プロローグ
ミハイル・フルシチョフは大ロシア主義者だ。
正確に言えば、彼の一族は皆そうだ。だが彼はそんな一族の中で鼻つまみ者だった。
「祖国に巣くう無能は死すべし」
彼は、常にそう思い信じていた。
だが、これだけだったら一族の者たちから疎まれることもなかっただろう。似たような者が過去に存在した例はいくつもある。
だが彼は疎まれた。恐れられたと言ってもいいかもしれない。
理由は、彼が天才だったからだ。そして、同時に高い求心力も持ち合わせていた。
それゆえに、彼は一族のことなど気にも留めなかった。
そして、彼は自らの思想に同調する者達を集め祖国に有害な人間・組織・国家を駆逐するために世界を駆けずりまわる。
はずだった。
気がついたら転生していた。
自分でもよくわからんが、気がついたら転生していた。人体を改造できる能力とともに、1895年のロシア帝国のロマノフさん家に。
初めは信じなかった。「自分の夢想もここまできたのか」などと考え、現実逃避していた。が、五年もたてば、さすがにこの世界が現実であるということが嫌でもわかる。

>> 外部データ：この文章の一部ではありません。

lemma inc_not_retraction:
  assumes "A i \<noteq> {\<zero>\<^bsub>obj Y i\<^esub>}"
  shows "\<not> is_retraction L Y_mod_A Y inc"
proof
  assume "is_retraction L Y_mod_A Y inc"
  then obtain s where s: "chain_map L Y Y_mod_A s" and "\<And>j y. y \<in> carrier (obj Y j) \<Longrightarrow> inc j (s j y) = y"
    by (erule is_retractionE)
  have "y \<in> W j" if y: "y \<in> carrier (obj Y j)" for j y
  proof -
    have "s j y \<in> W j"
      using chain_map_closed[OF s y] by (simp add: Y_mod_A_def)
    then show ?thesis
      using \<open>\<And>j y. y \<in> carrier (obj Y j) \<Longrightarrow> inc j (s j y) = y\<close>[OF y] by (simp add: inc_def)
  qed
  moreover obtain a where a: "a \<in> A i" "a \<noteq> \<zero>\<^bsub>obj Y i\<^esub>"
    using assms submodule_zero[OF summands(1)] by blast
  ultimately show False
    using \<pi>A_first[OF a(1)] submodule_carrier[OF summands(1) a(1)] by simp
qed

lemma subcomplex_retraction:
  assumes irr: "irreducible L n X Y f" and nonzero: "A i \<noteq> {\<zero>\<^bsub>obj Y i\<^esub>}"
  obtains \<rho> where "chain_map L Y_mod_A X \<rho>" "\<And>i x. x \<in> carrier (obj X i) \<Longrightarrow> \<rho> i (f i x) = x"
proof -
  have "is_section L X Y_mod_A f"
    using irreducible_factorization[OF irr Y_mod_A_in_Cn f_into_Y_mod_A inc_chain f_factors]
      inc_not_retraction[OF nonzero] by blast
  then obtain \<rho> where "chain_map L Y_mod_A X \<rho>" "\<And>i x. x \<in> carrier (obj X i) \<Longrightarrow> \<rho> i (f i x) = x"
    by (erule is_sectionE)
  then show ?thesis
    using that by blast
qed

end
lemma (in coker_setting) Cok_nonzero:
  assumes not_retraction: "\<not> is_retraction L X Y f"
  shows "\<not> (\<forall>i. zero_mod (obj Cok i))"
proof
  assume zero: "\<forall>i. zero_mod (obj Cok i)"
  have "bij_betw (f i) (carrier (obj X i)) (carrier (obj Y i))" for i
  proof -
    interpret rmod L "obj Y i" by (rule Y_rmod)
    have D0: "D i = {\<zero>\<^bsub>obj Y i\<^esub>}"
      using zero unfolding zero_mod_def by (simp add: Cok_def)
    have "inj_on (f i) (carrier (obj X i))"
      by (rule inj_on_inverseI[of _ "r i"]) (simp add: rf)
    moreover have "f i ` carrier (obj X i) = carrier (obj Y i)"
    proof (intro equalityI subsetI)
      fix y assume y: "y \<in> carrier (obj Y i)"
      have "eD i y = \<zero>\<^bsub>obj Y i\<^esub>"
        using projection_ontoD(2)[OF eD_projection y] D0 by blast
      then have "y = f i (r i y)"
        using y mod_hom_closed[OF f_hom mod_hom_closed[OF r y]] minus_eq_zero_iff by (simp add: eD_eq)
      then show "y \<in> f i ` carrier (obj X i)"
        using mod_hom_closed[OF r y] by blast
    qed (use mod_hom_closed[OF f_hom] in blast)
    ultimately show ?thesis
      by (simp add: bij_betw_def)
  qed
  then show False
    using not_retraction bij_chain_map_is_retraction[OF X_complex Y_complex f] by blast
qed

text \<open>Retractions \<open>\<rho>1\<close> of \<open>f : X \<rightarrow> Y_mod_A\<close> and \<open>\<rho>2\<close> of \<open>f : X \<rightarrow> V\<close>, with \<open>V\<close> playing the role
  of \<open>Y_mod_A\<close> for the other summand, glue to a retraction of \<open>f : X \<rightarrow> Y\<close>: both agree with \<open>r\<close> on
  \<open>W \<inter> V\<close>, which lies in the image of \<open>f\<close>.\<close>
locale glued_sections = coker_decomposition L n X Y f r A B
  for L :: "('r, 'y) ring_scheme" and n :: nat and X :: "('a, 'r) cplx" and Y :: "('b, 'r) cplx"
    and f :: "int \<Rightarrow> 'a \<Rightarrow> 'b" and r :: "int \<Rightarrow> 'b \<Rightarrow> 'a" and A B :: "int \<Rightarrow> 'b set" +
  fixes V :: "int \<Rightarrow> 'b set" and \<rho>1 \<rho>2 :: "int \<Rightarrow> 'b \<Rightarrow> 'a"
  assumes V_submodule: "\<And>i. submodule L (V i) (obj Y i)"
    and first_subset_V: "\<And>i. A i \<subseteq> V i"
    and eD_V: "\<And>i z. z \<in> V i \<Longrightarrow> eD i z \<in> A i"
    and V_diff: "\<And>i. diff Y i ` V i \<subseteq> V (i + 1)"
    and \<rho>1: "chain_map L Y_mod_A X \<rho>1" and \<rho>1f: "\<And>i x. x \<in> carrier (obj X i) \<Longrightarrow> \<rho>1 i (f i x) = x"
    and \<rho>2: "chain_map L (subcomplex Y V) X \<rho>2" and \<rho>2f: "\<And>i x. x \<in> carrier (obj X i) \<Longrightarrow> \<rho>2 i (f i x) = x"
begin

definition glued :: "int \<Rightarrow> 'b \<Rightarrow> 'a"
  where "glued i = (\<lambda>y\<in>carrier (obj Y i). \<rho>1 i (ec i y) \<oplus>\<^bsub>obj X i\<^esub> \<rho>2 i (\<pi>A i y))"

lemma \<rho>2_hom: "\<rho>2 i \<in> mod_hom L ((obj Y i)\<lparr>carrier := V i\<rparr>) (obj X i)"
  using chain_map_hom[OF \<rho>2] by simp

そしてぶちギレた。無能な皇帝や貴族どもにたいして。一体、こいつらの頭の中には何が詰まっているのか、解剖して調べてみたくなるほどの無能っぷりである。
それはさておき、転生してから10年、粛清してから2年の月日が流れた。適当な人間をサクッと洗脳(よくわからん能力使って)して、アホ(皇帝)と間抜け(貴族)を追放or処刑して、祖国ロシアは改革の真っ只中。
イヴァン3世こと私ミハイル・フルシチョフは溢れ出す書類に人生を食い潰されております。